# A heap of wheat is in the form of a cone whose diameter is 10.5 m and height is 3 m. Find its volume. The heap is to be covered by canvas to protect it from rain. Find the area of the canvas required.

**Solution:**

Since the heap of wheat is in the form of a cone and the canvas required to cover the heap will be equal to the curved surface area of the cone.

Volume of a cone of base radius, 'r' and height, 'h' = 1/3πr²h

Curved surface area of the cone having a base radius, 'r' and slant height, 'l' = πrl

Slant height of the cone, l = √r² + h²

Diameter of the conical heap, d = 10.5 m

Radius of the conical heap, r = 10.5/2 m = 5.25 m

Height of the conical heap, h = 3 m

Volume of the conical heap = 1/3πr²h

= 1/3 × 22/7 × 5.25 m × 5.25 m × 3 m

= 86.625 m³

Slant height, l = √r² + h²

= √(5.25)² + (3)²

= √27.5625 + 9

= √36.5625

= 6.046 m (approx.)

The area of the canvas required to cover the heap of wheat = πrl

= 22/7 × 5.25 m × 6.046 m

= 99.759 m²

The volume of the conical heap is 86.625 m³ and the area of the canvas required is 99.759 m².

**Video Solution:**

## A heap of wheat is in the form of a cone whose diameter is 10.5 m and height is 3 m. Find its volume. The heap is to be covered by canvas to protect it from rain. Find the area of the canvas required.

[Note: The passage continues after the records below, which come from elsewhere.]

text \<open>A phase change makes \<open>\<langle>c j, y\<rangle>\<close> real for some \<open>j\<close> with \<open>\<langle>c j, y\<rangle> \<noteq> 0\<close>; the
  reflection in the difference of the rotated \<open>c j\<close> and \<open>y\<close> then swaps them and fixes every
  \<open>c l\<close> orthogonal to both.\<close>

lemma onb_exchange:
  assumes c: "onb c" and X: "bounded_op X" "diag_bounded X"
    and y: "y \<in> l2" "l2inner y y = 1" and orth: "\<forall>l\<in>L. l2inner (c l) y = 0"
  obtains c' j where "onb c'" "j \<notin> L" "c' j = y" "\<forall>l\<in>L. c' l = c l"
    "basis_trace c' X = basis_trace c X"
proof -
  obtain j where nz: "l2inner (c j) y \<noteq> 0"
    using onb_nonorthogonal[OF c y] .
  with orth have j: "j \<notin> L"
    by blast
  obtain x where c1: "onb (c(j := x))" and tr1: "basis_trace (c(j := x)) X = basis_trace c X"
    and xy: "l2inner x y = l2inner y x"
    using onb_rotate_phase_real[OF c X(1) nz] .
  have x: "x \<in> l2" "l2inner x x = 1"
    using onb_l2[OF c1, of j] onb_orthonormal[OF c1, of j j] by simp_all
  have c1L: "\<forall>l\<in>L. (c(j := x)) l = c l"
    using j by auto
  have orth_x: "\<forall>l\<in>L. l2inner (c l) x = 0"
  proof
    fix l
    assume "l \<in> L"
    with j have "l \<noteq> j"
      by blast
    then show "l2inner (c l) x = 0"
      using onb_orthonormal[OF c1, of l j] by simp
  qed
  show ?thesis
  proof (cases "x = y")
    case True
    with that[OF c1 j] c1L tr1 show ?thesis
      by simp
  next
    case False
    let ?d = "\<lambda>t. x t - y t"
    have d: "?d \<in> l2" "l2inner ?d ?d \<noteq> 0"
      using x(1) y(1) False by (simp_all add: l2_diff l2inner_diff_self_neq_0)
    let ?c2 = "\<lambda>i. reflection ?d ((c(j := x)) i)"
    have "?c2 j = y"
      using reflection_unit_vectors[OF x y xy False] by simp
    moreover have "\<forall>l\<in>L. ?c2 l = c l"
      using c1L orth orth_x x(1) y(1) onb_l2[OF c]
      by (simp add: reflection_orthogonal l2inner_diff_right)
    ultimately show ?thesis
      using that[OF onb_reflection[OF c1 d] j] basis_trace_reflection[OF c1 X d] tr1 by simp
  qed
qed

lemma onb_containing_family:
  assumes b: "onb b" and X: "bounded_op X" "diag_bounded X" and g: "orthonormal_fam n g"
  obtains c J where "onb c" "inj_on J {..<n}" "\<forall>l<n. c (J l) = g l"
    "basis_trace c X = basis_trace b X"
proof -
  have "\<exists>c J. onb c \<and> inj_on J {..<k} \<and> (\<forall>l<k. c (J l) = g l) \<and> basis_trace c X = basis_trace b X"
    if "k \<le> n" for k
    using that
  proof (induction k)
    case 0
    show ?case
      using b by auto
  next
    case (Suc k)
    then obtain c J where c: "onb c" and J: "inj_on J {..<k}" and cJ: "\<forall>l<k. c (J l) = g l"
      and tr: "basis_trace c X = basis_trace b X"
      by auto
    have k: "k < n"
      using Suc.prems by simp
    have gk: "g k \<in> l2" "l2inner (g k) (g k) = 1" and orth: "\<forall>l\<in>J ` {..<k}. l2inner (c l) (g k) = 0"
      using g k cJ by (auto simp: orthonormal_fam_def)
    obtain c' j where c': "onb c'" and j: "j \<notin> J ` {..<k}" and c'j: "c' j = g k"
      and c'L: "\<forall>l\<in>J ` {..<k}. c' l = c l" and tr': "basis_trace c' X = basis_trace c X"
      using onb_exchange[OF c X gk orth] .
    have "inj_on (J(k := j)) {..<Suc k}"
      using J j by (auto simp: lessThan_Suc inj_on_def)
    moreover have "\<forall>l<Suc k. c' ((J(k := j)) l) = g l"
      using c'j c'L cJ by (auto simp: less_Suc_eq)
    ultimately show ?case
      using c' tr' tr by (intro exI[of _ c'] exI[of _ "J(k := j)"] conjI) (assumption | simp)+
  qed
  with that show ?thesis
    by blast
qed

definition diag_small_beyond ::
    "(('i \<Rightarrow> complex) \<Rightarrow> ('i \<Rightarrow> complex)) \<Rightarrow> nat \<Rightarrow> (nat \<Rightarrow> ('i \<Rightarrow> complex)) \<Rightarrow> real \<Rightarrow> bool" where
  "diag_small_beyond X n g \<epsilon> \<longleftrightarrow> (\<forall>m f. orthonormal_fam m f \<longrightarrow> (\<forall>k<m. \<forall>l<n. l2inner (f k) (g l) = 0) \<longrightarrow>
     (\<Sum>k<m. cmod (l2inner (X (f k)) (f k))) \<le> \<epsilon>)"

lemma onb_diag_sum_off_family:
  assumes c: "onb c" and X: "diag_bounded X" and cJ: "\<forall>l<n. c (J l) = g l"
    and tail: "diag_small_beyond X n g \<epsilon>"
  shows "cmod (\<Sum>\<^sub>\<infinity>i\<in>-(J ` {..<n}). l2inner (X (c i)) (c i)) \<le> \<epsilon>"
proof -
  let ?f = "\<lambda>i. l2inner (X (c i)) (c i)"
  have abs: "(\<lambda>i. norm (?f i)) summable_on -(J ` {..<n})"
    using onb_diag_abs_summable[OF c X] by (rule summable_on_subset_banach) simp
  have "(\<Sum>i\<in>F. norm (?f i)) \<le> \<epsilon>" if F: "finite F" "F \<subseteq> -(J ` {..<n})" for F
  proof -
    obtain h where h: "bij_betw h {..<card F} F" "orthonormal_fam (card F) (\<lambda>k. c (h k))"
      using onb_enumerate[OF c F(1)] .
    have "h k \<noteq> J l" if "k < card F" "l < n" for k l
      using bij_betwE[OF h(1)] F(2) that by auto
    then have "\<forall>k<card F. \<forall>l<n. l2inner (c (h k)) (g l) = 0"
      using cJ onb_orthonormal[OF c] by metis
    then have "(\<Sum>k<card F. cmod (?f (h k))) \<le> \<epsilon>"
      using tail h(2) by (simp add: diag_small_beyond_def)
    then show ?thesis
      using sum.reindex_bij_betw[OF h(1), of "\<lambda>i. norm (?f i)"] by simp
  qed
  then have "(\<Sum>\<^sub>\<infinity>i\<in>-(J ` {..<n}). norm (?f i)) \<le> \<epsilon>"
    by (intro infsum_le_finite_sums abs)
  with norm_infsum_bound[OF abs] show ?thesis
    by linarith
qed

lemma basis_trace_approx:
  assumes b: "onb b" and X: "bounded_op X" "diag_bounded X" and g: "orthonormal_fam n g"
    and tail: "diag_small_beyond X n g \<epsilon>"
  shows "cmod (basis_trace b X - (\<Sum>l<n. l2inner (X (g l)) (g l))) \<le> \<epsilon>"
proof -
  obtain c J where c: "onb c" and J: "inj_on J {..<n}" and cJ: "\<forall>l<n. c (J l) = g l"
    and tr: "basis_trace c X = basis_trace b X"
    using onb_containing_family[OF b X g] .
  define f where "f i = l2inner (X (c i)) (c i)" for i
  define G where "G = J ` {..<n}"
  have "f summable_on UNIV"
    unfolding f_def using c X(2) by (rule onb_diag_summable)
  then have "f summable_on G" "f summable_on -G"
    by (auto intro: summable_on_subset_banach)
  then have "basis_trace c X = infsum f G + infsum f (-G)"
    unfolding basis_trace_def f_def[symmetric] using infsum_Un_disjoint by fastforce
  moreover have "infsum f G = (\<Sum>l<n. l2inner (X (g l)) (g l))"
    unfolding G_def using J cJ by (simp add: sum.reindex f_def)
  moreover have "cmod (infsum f (-G)) \<le> \<epsilon>"
    unfolding f_def G_def using c X(2) cJ tail by (rule onb_diag_sum_off_family)
  ultimately show ?thesis
    using tr by simp
qed

lemma orthonormal_fam_append:
  assumes g: "orthonormal_fam n g" and f: "orthonormal_fam m f"
    and cross: "\<forall>k<m. \<forall>l<n. l2inner (f k) (g l) = 0"
  shows "orthonormal_fam (n + m) (\<lambda>k. if k < n then g k else f (k - n))"
proof -
  have "l2inner (g l) (f k) = 0" if "k < m" "l < n" for k l
    using cross that l2inner_cnj[of "f k" "g l"] by simp
  then show ?thesis
    using f g cross by (auto simp: orthonormal_fam_def)
qed

lemma sum_lessThan_append:
  fixes n m :: nat
  shows "(\<Sum>k<n + m. \<phi> (if k < n then g k else f (k - n))) = (\<Sum>k<n. \<phi> (g k)) + (\<Sum>k<m. \<phi> (f k))"
  by (induction m) (simp_all add: algebra_simps)

text \<open>Take \<open>g\<close> whose diagonal sum is within \<open>\<epsilon>\<close> of the supremum: appending a family orthogonal
  to \<open>g\<close> must stay below the supremum.\<close>

lemma diag_bounded_small_beyond:
  assumes X: "diag_bounded X" and \<epsilon>: "\<epsilon> > 0"
  obtains n g where "orthonormal_fam n g" "diag_small_beyond X n g \<epsilon>"
proof -
  define V where "V = {\<Sum>k<n. cmod (l2inner (X (e k)) (e k)) | n e. orthonormal_fam n e}"
  obtain C where "\<forall>n e. orthonormal_fam n e \<longrightarrow> (\<Sum>k<n. cmod (l2inner (X (e k)) (e k))) \<le> C"
    using X by (auto simp: diag_bounded_def)
  then have bdd: "bdd_above V"
    unfolding V_def by (auto intro!: bdd_aboveI[where M = C])
  have "0 \<in> V"
    unfolding V_def by (auto intro!: exI[of _ 0] simp: orthonormal_fam_def)
  then obtain s where "s \<in> V" "Sup V - \<epsilon> < s"
    using less_cSup_iff[OF _ bdd, of "Sup V - \<epsilon>"] \<epsilon> by auto
  then obtain n g where g: "orthonormal_fam n g" and s: "Sup V - \<epsilon> < (\<Sum>k<n. cmod (l2inner (X (g k)) (g k)))"
    unfolding V_def by blast
  have "(\<Sum>k<m. cmod (l2inner (X (f k)) (f k))) \<le> \<epsilon>"
    if "orthonormal_fam m f" "\<forall>k<m. \<forall>l<n. l2inner (f k) (g l) = 0" for m f
  proof -
    let ?e = "\<lambda>k. if k < n then g k else f (k - n)"
    have "orthonormal_fam (n + m) ?e"
      using that by (rule orthonormal_fam_append[OF g])
    then have "(\<Sum>k<n + m. cmod (l2inner (X (?e k)) (?e k))) \<in> V"
      unfolding V_def by (intro CollectI exI[of _ "n + m"] exI[of _ ?e] conjI) simp_all
    then have "(\<Sum>k<n + m. cmod (l2inner (X (?e k)) (?e k))) \<le> Sup V"
      using bdd by (rule cSup_upper)
    then have "(\<Sum>k<n. cmod (l2inner (X (g k)) (g k))) + (\<Sum>k<m. cmod (l2inner (X (f k)) (f k))) \<le> Sup V"
      by (simp only: sum_lessThan_append[where \<phi> = "\<lambda>v. cmod (l2inner (X v) v)"])
    with s show ?thesis
      by linarith
  qed
  with g that show ?thesis
    by (simp add: diag_small_beyond_def)
qed

lemma basis_trace_independent:
  assumes b: "onb b" and c: "onb c" and X: "bounded_op X" "diag_bounded X"
  shows "basis_trace b X = basis_trace c X"
proof -
  have "cmod (basis_trace b X - basis_trace c X) \<le> 0 + \<epsilon>" if "\<epsilon> > 0" for \<epsilon>
  proof -
    have "\<epsilon> / 2 > 0"
      using that by simp
    then obtain n g where g: "orthonormal_fam n g" and tail: "diag_small_beyond X n g (\<epsilon> / 2)"
      by (rule diag_bounded_small_beyond[OF X(2)])
    let ?s = "\<Sum>l<n. l2inner (X (g l)) (g l)"
    have "cmod (basis_trace b X - ?s) \<le> \<epsilon> / 2" "cmod (basis_trace c X - ?s) \<le> \<epsilon> / 2"
      using basis_trace_approx[OF b X g tail] basis_trace_approx[OF c X g tail] by auto
    then show ?thesis
      using dist_triangle2[of "basis_trace b X" "basis_trace c X" ?s] by (simp add: dist_norm)
  qed
  then have "cmod (basis_trace b X - basis_trace c X) \<le> 0"
    by (rule field_le_epsilon)
  then show ?thesis
    by simp
qed

lemma trace_unitary_conj:
  assumes V: "unitary_op V" and W: "unitary_op W" and WV: "\<forall>f\<in>l2. W (V f) = f"
    and X: "bounded_op X" "diag_bounded X"
  shows "trace (\<lambda>f. V (X (W f))) = trace X"
proof -
  have "V (X (W (delta i))) i = l2inner (X (W (delta i))) (W (delta i))" for i
  proof -
    have Wd: "W (delta i) \<in> l2"
      using W delta_l2 by (rule unitary_op_l2)
    have XW: "X (W (delta i)) \<in> l2"
      using X(1) Wd by (rule bounded_op_l2)
    have "V (X (W (delta i))) i = l2inner (V (X (W (delta i)))) (delta i)"
      by (simp add: l2inner_delta_right)
    also have "\<dots> = l2inner (W (V (X (W (delta i))))) (W (delta i))"
      using unitary_op_inner[OF W unitary_op_l2[OF V XW] delta_l2] by simp
    also have "\<dots> = l2inner (X (W (delta i))) (W (delta i))"
      using WV XW by simp
    finally show ?thesis .
  qed
  then have "trace (\<lambda>f. V (X (W f))) = basis_trace (\<lambda>i. W (delta i)) X"
    unfolding trace_def basis_trace_def by simp
  also have "\<dots> = basis_trace delta X"
    using onb_unitary_image[OF W onb_delta] onb_delta X by (rule basis_trace_independent)
  finally show ?thesis
    by (simp add: trace_eq_basis_trace_delta)
qed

### NCERT Solutions for Class 9 Maths - Chapter 13 Exercise 13.7 Question 9:

**Summary:**

It is given that the heap of wheat is in the form of a cone whose diameter is 10.5 m and height is 3 m. We have found that the volume of the conical heap is 86.625 m³ and the area of the canvas required is 99.759 m².